The ideal surgical instrument should essentially be an extension of the surgeon’s hand. Any new or updated instrument should make an orthopedic or spinal procedure easier to perform in some way. That sort of improvement could target ergonomics by boosting precision and control, increasing dexterity, limiting the amount of stress to the surgeon’s hand, or (ideally) all of the above.
Innovative materials, technology, or supply chain logistics don’t mean much if the needs and performance capability of the procedure aren’t adequately addressed. A worst-case scenario in this case would be releasing an instrument into the field and waiting until a patient is being operated on only to find it actually complicates the procedure.
“The complexity of the instruments must not be a hindrance to the surgeon’s technique,” warned Cabral. “The instrument must be somewhat intuitive and easily configured for clinician use. If the instrument is difficult to use and decipher, the surgeon will reach frustration and prefer his previous tried-and-true methodology. Instruments that are too complex to use may impact the procedural process and result in longer procedure times, lower factors of patient safety, or overall surgeon dissatisfaction with the new methodology.”
The irony seems to be the more complex a procedure becomes, the simpler its tools must be. That could mean less moving parts to confuse the surgeon, or blatantly obvious labeling to ensure no errors in operating the instrument.
“Keep it simple and intuitive to eliminate the fiddle factor that often comes with overly complex instruments,” advised Ryshkus. “One method to reduce confusion and error can be incorporating poka-yoke concepts where interfaces of mating items are designed to only work one way. Proper identification and markings for use that are clear and understandable are other simple solutions that can ensure ease-of-use.”
Manufacturing instruments with these factors in mind may have surgeons clamoring to use a particular instrument—always good for business and expanding the market.

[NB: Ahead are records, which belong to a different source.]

lemma digit_value_less_lex:
  assumes "q \<ge> 1" "p < m" "\<And>j. j < p \<Longrightarrow> a j = b j" "a p < b p"
    and "\<And>j. j < m \<Longrightarrow> \<bar>a j - b j\<bar> \<le> q - 1"
  shows "digit_value q m a < digit_value q m b"
  using assms(2-)
proof (induction p arbitrary: m a b)
  case 0
  then obtain k where m: "m = Suc k" by (cases m) auto
  have "\<bar>digit_value q k (\<lambda>j. b (Suc j) - a (Suc j))\<bar> \<le> (q - 1) * (\<Sum>l<k. q ^ l)"
    using 0 m assms(1) by (intro abs_digit_value_le) (auto simp: abs_minus_commute)
  also have "\<dots> = q ^ k - 1" by (simp add: power_diff_1_eq)
  finally have "digit_value q k (\<lambda>j. b (Suc j)) - digit_value q k (\<lambda>j. a (Suc j)) > - (q ^ k)"
    by (simp add: digit_value_diff)
  moreover have "(a 0 + 1) * q ^ k \<le> b 0 * q ^ k"
    using 0 assms(1) by (intro mult_right_mono) auto
  ultimately show ?case by (simp add: m digit_value_Suc distrib_right)
next
  case (Suc p)
  then obtain k where m: "m = Suc k" by (cases m) auto
  have "digit_value q k (\<lambda>j. a (Suc j)) < digit_value q k (\<lambda>j. b (Suc j))"
    using Suc m by (intro Suc.IH) auto
  then show ?case using Suc.prems(2)[of 0] by (simp add: m digit_value_Suc)
qed

lemma digit_value_parity:
  assumes "odd q"
  shows "even (digit_value q m a - (\<Sum>j<m. a j))"
proof -
  have "digit_value q m a - (\<Sum>j<m. a j) = (\<Sum>j<m. a j * (q ^ (m - 1 - j) - 1))"
    by (simp add: digit_value_def sum_subtractf algebra_simps)
  also have "even \<dots>" using assms by (intro dvd_sum) simp
  finally show ?thesis .
qed

definition negacyclic_ext :: "nat \<Rightarrow> (nat \<Rightarrow> int) \<Rightarrow> nat \<Rightarrow> int" where
  "negacyclic_ext m a t = (if even (t div m) then a (t mod m) else - a (t mod m))"

lemma negacyclic_ext_add_period:
  "0 < m \<Longrightarrow> negacyclic_ext m a (t + m) = - negacyclic_ext m a t"
  by (simp add: negacyclic_ext_def div_add_self2)

lemma negacyclic_ext_less: "t < m \<Longrightarrow> negacyclic_ext m a t = a t"
  by (simp add: negacyclic_ext_def)

lemma negacyclic_ext_cases:
  "negacyclic_ext m a t = a (t mod m) \<or> negacyclic_ext m a t = - a (t mod m)"
  by (simp add: negacyclic_ext_def)

lemma negacyclic_ext_signed_digit:
  assumes "0 < m" "\<And>j. j < m \<Longrightarrow> a j \<in> {-1, 0, 1}"
  shows "negacyclic_ext m a t \<in> {-1, 0, 1}"
  using negacyclic_ext_cases[of m a t] assms(2)[of "t mod m"] assms(1) by auto

(* Multiplication by q modulo q^m + 1 moves the window one digit to the right. *)
definition window :: "int \<Rightarrow> nat \<Rightarrow> (nat \<Rightarrow> int) \<Rightarrow> nat \<Rightarrow> int" where
  "window q m a s = digit_value q m (\<lambda>j. negacyclic_ext m a (s + j))"

lemma window_0: "window q m a 0 = digit_value q m a"
  unfolding window_def by (rule digit_value_cong) (simp add: negacyclic_ext_less)

lemma window_Suc:
  assumes "0 < m"
  shows "window q m a (Suc s) = q * window q m a s - negacyclic_ext m a s * (q ^ m + 1)"
proof -
  let ?c = "negacyclic_ext m a"
  obtain k where m: "m = Suc k" using assms by (cases m) auto
  define rest where "rest = digit_value q k (\<lambda>j. ?c (Suc s + j))"
  have "window q m a s = ?c s * q ^ k + rest"
    unfolding window_def m digit_value_Suc rest_def by simp
  moreover have "window q m a (Suc s) = q * rest + ?c (s + m)"
    unfolding window_def m digit_value_Suc_last rest_def by (simp add: add.commute)
  ultimately show ?thesis
    using negacyclic_ext_add_period[OF assms, of a s] by (simp add: m algebra_simps)
qed

lemma window_cong:
  assumes "0 < m"
  shows "(q ^ m + 1) dvd (window q m a s - q ^ s * window q m a 0)"
proof (induction s)
  case 0
  then show ?case by simp
next
  case (Suc s)
  have "window q m a (Suc s) - q ^ Suc s * window q m a 0
        = q * (window q m a s - q ^ s * window q m a 0) - negacyclic_ext m a s * (q ^ m + 1)"
    by (simp add: window_Suc[OF assms] algebra_simps)
  then show ?case using Suc.IH by simp
qed

locale lexmin_negacyclic =
  fixes m g :: nat and c :: "nat \<Rightarrow> int"
  assumes negacyclic: "\<And>t. c (t + m) = - c t"
    and digits: "\<And>t. c t \<in> {-1, 0, 1}"
    and start: "c 0 = -1"
    and first_nonzero: "0 < g" "g < m" "c g = 1" "\<And>j. 0 < j \<Longrightarrow> j < g \<Longrightarrow> c j = 0"
    and no_lex_descent:
      "\<And>s p. p < m \<Longrightarrow> (\<And>j. j < p \<Longrightarrow> c (s + j) = c j) \<Longrightarrow> c p \<le> c (s + p)"
begin

(* Otherwise the window at s would be lexicographically below the window at 0 at position min d g. *)
lemma next_nonzero_after_minus_one:
  assumes "c s = -1" "0 < d" "\<And>j. 0 < j \<Longrightarrow> j < d \<Longrightarrow> c (s + j) = 0" "c (s + d) \<noteq> 0"
  shows "c (s + d) = 1"
proof (rule ccontr)
  assume "c (s + d) \<noteq> 1"
  then have minus: "c (s + d) = -1" using digits[of "s + d"] assms(4) by auto
  have "c (min d g) \<le> c (s + min d g)"
  proof (rule no_lex_descent)
    show "min d g < m" using first_nonzero(2) by simp
    show "c (s + j) = c j" if "j < min d g" for j
      using that assms(1,3) start first_nonzero(4) by (cases "j = 0") auto
  qed
  then show False
    using minus assms(3) first_nonzero(3,4) assms(2) first_nonzero(1)
    by (cases d g rule: linorder_cases) auto
qed

lemma nonzero_digits_alternate:
  assumes "c s \<noteq> 0" "0 < d" "\<And>j. 0 < j \<Longrightarrow> j < d \<Longrightarrow> c (s + j) = 0" "c (s + d) \<noteq> 0"
  shows "c (s + d) = - c s"
proof (cases "c s = -1")
  case True
  then show ?thesis using next_nonzero_after_minus_one assms by simp
next
  case False
  then have "c s = 1" using digits[of s] assms(1) by auto
  have "c ((s + m) + d) = 1"
  proof (rule next_nonzero_after_minus_one)
    show "c (s + m) = -1" using negacyclic[of s] \<open>c s = 1\<close> by simp
    show "c (s + m + j) = 0" if "0 < j" "j < d" for j
      using negacyclic[of "s + j"] assms(3)[OF that] by (simp add: ac_simps)
    show "c (s + m + d) \<noteq> 0" using negacyclic[of "s + d"] assms(4) by (simp add: ac_simps)
  qed fact
  then show ?thesis using negacyclic[of "s + d"] \<open>c s = 1\<close> by (simp add: ac_simps)
qed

“The likelihood of adoption is much greater if the instrument system offers a much more simplified technique or makes the procedure more efficient,” Ryshkus continued, but with a further caution: “Of course, if the implant does not have the efficacy of analogous or predicate systems, it could all be a moot point.”
A DFM strategy has many advantages beyond procedural efficacy for surgeons, as well. Continuously monitoring manufacturability throughout the development process comes with a cost, of course, both the literal extra spending on things like computer modeling and simulation and time spent executing these actions. But the payoff for the “end user”—in this context, the manufacturer—is a quicker path to market with a smoother approval process.
But for all of the industry’s talk of DFM becoming common practice, it’s not appearing to gain as much traction as potential DFM practitioners have been promising.
“The industry must ‘walk’ DFM, not simply talk about doing it and fail to follow through,” commented Buck. “If the industry truly embraces DFM practices, truly allows or demonstrates behavior that allows inclusion of their key suppliers to participate upstream, precedent to program launch, there is significant potential to both dramatically reduce cost while achieving the launch lead time objectives on a year over year basis, that frankly we all need to pursue with informed aggression.”
“Really focus on DFM actually being done long before the instrument sets are released into production,” he continued. “Instrument sets will by definition cost less to produce and there should be less of them in a given set, thereby reducing set cost to field. This should also lead to compression of recurring processing costs, whether in set refurbishment or sterile processing pre- and postoperatively.”